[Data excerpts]
--------
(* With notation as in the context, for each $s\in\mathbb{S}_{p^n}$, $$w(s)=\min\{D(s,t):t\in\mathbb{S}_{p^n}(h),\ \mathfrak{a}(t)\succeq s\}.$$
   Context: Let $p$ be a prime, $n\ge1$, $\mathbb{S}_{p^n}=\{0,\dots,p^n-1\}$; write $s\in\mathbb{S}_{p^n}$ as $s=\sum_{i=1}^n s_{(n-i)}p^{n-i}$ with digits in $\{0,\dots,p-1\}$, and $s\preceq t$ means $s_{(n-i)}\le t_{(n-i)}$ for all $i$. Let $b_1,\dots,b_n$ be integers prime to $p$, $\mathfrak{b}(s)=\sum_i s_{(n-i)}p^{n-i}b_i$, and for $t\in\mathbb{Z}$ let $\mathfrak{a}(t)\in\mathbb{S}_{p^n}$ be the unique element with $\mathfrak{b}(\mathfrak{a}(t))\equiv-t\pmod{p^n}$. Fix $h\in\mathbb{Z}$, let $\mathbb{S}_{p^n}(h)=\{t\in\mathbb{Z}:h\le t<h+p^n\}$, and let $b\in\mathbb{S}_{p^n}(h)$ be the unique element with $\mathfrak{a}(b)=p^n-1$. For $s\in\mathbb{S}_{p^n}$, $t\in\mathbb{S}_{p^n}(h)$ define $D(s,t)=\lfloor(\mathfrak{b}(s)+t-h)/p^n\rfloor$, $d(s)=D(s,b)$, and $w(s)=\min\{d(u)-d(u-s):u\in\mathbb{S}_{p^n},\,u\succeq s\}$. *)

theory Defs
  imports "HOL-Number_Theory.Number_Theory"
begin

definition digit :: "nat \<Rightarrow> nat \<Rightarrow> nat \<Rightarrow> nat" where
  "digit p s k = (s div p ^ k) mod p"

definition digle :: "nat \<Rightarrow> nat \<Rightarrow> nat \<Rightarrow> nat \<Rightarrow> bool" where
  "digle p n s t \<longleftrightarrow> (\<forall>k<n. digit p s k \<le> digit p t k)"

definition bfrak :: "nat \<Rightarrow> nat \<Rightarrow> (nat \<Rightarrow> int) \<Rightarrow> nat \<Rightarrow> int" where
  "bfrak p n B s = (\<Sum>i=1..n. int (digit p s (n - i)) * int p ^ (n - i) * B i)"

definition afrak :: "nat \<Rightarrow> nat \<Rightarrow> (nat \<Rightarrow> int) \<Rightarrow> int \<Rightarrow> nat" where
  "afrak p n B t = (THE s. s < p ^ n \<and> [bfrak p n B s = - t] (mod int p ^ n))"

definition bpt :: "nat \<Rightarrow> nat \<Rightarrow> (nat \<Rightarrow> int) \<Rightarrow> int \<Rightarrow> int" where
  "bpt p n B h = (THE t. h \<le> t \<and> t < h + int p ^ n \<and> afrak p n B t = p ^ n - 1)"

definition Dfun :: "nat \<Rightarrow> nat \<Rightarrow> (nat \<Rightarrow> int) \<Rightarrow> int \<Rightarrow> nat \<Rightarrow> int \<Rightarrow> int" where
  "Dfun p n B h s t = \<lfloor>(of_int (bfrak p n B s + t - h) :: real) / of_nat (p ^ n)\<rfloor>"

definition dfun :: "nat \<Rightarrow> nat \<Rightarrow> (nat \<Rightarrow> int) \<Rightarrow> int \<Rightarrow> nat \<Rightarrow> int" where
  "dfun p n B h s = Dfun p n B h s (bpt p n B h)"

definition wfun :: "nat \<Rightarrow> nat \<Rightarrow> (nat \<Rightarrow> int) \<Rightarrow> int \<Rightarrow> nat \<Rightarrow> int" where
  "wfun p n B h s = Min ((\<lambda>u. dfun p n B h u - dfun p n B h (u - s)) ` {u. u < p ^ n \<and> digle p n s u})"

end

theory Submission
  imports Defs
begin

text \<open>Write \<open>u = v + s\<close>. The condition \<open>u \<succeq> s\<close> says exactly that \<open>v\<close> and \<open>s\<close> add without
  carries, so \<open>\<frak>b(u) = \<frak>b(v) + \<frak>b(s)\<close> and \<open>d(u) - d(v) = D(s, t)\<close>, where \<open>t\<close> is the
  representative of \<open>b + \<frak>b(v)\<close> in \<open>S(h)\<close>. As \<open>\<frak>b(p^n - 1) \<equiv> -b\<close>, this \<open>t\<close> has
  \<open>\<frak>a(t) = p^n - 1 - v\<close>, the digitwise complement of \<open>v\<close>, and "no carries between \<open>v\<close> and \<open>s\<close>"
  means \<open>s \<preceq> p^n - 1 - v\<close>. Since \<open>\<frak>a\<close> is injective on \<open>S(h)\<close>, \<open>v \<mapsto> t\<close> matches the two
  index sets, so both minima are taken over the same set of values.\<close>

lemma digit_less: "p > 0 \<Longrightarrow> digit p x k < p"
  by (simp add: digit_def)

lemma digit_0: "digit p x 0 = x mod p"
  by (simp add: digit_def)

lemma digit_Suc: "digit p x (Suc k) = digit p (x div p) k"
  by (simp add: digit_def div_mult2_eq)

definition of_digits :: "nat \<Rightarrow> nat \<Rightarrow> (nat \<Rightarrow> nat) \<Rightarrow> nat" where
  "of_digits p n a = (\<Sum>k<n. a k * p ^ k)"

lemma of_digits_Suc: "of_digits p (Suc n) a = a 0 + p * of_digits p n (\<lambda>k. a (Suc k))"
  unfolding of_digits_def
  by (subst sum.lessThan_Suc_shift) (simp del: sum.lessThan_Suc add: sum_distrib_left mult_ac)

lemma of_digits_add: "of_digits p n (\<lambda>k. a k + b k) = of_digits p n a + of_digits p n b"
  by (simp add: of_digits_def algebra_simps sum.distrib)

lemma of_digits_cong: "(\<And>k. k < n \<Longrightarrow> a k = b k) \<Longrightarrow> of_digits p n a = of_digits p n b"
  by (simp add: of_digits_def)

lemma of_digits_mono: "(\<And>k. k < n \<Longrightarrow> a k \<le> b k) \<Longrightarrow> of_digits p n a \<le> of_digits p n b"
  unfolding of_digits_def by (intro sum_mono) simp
--------
◆ Prompt ◆
Bring together each line above where the string "lambda" turns up.

◆ Task solution ◆
  "wfun p n B h s = Min ((\<lambda>u. dfun p n B h u - dfun p n B h (u - s)) ` {u. u < p ^ n \<and> digle p n s u})"
lemma of_digits_Suc: "of_digits p (Suc n) a = a 0 + p * of_digits p n (\<lambda>k. a (Suc k))"
lemma of_digits_add: "of_digits p n (\<lambda>k. a k + b k) = of_digits p n a + of_digits p n b"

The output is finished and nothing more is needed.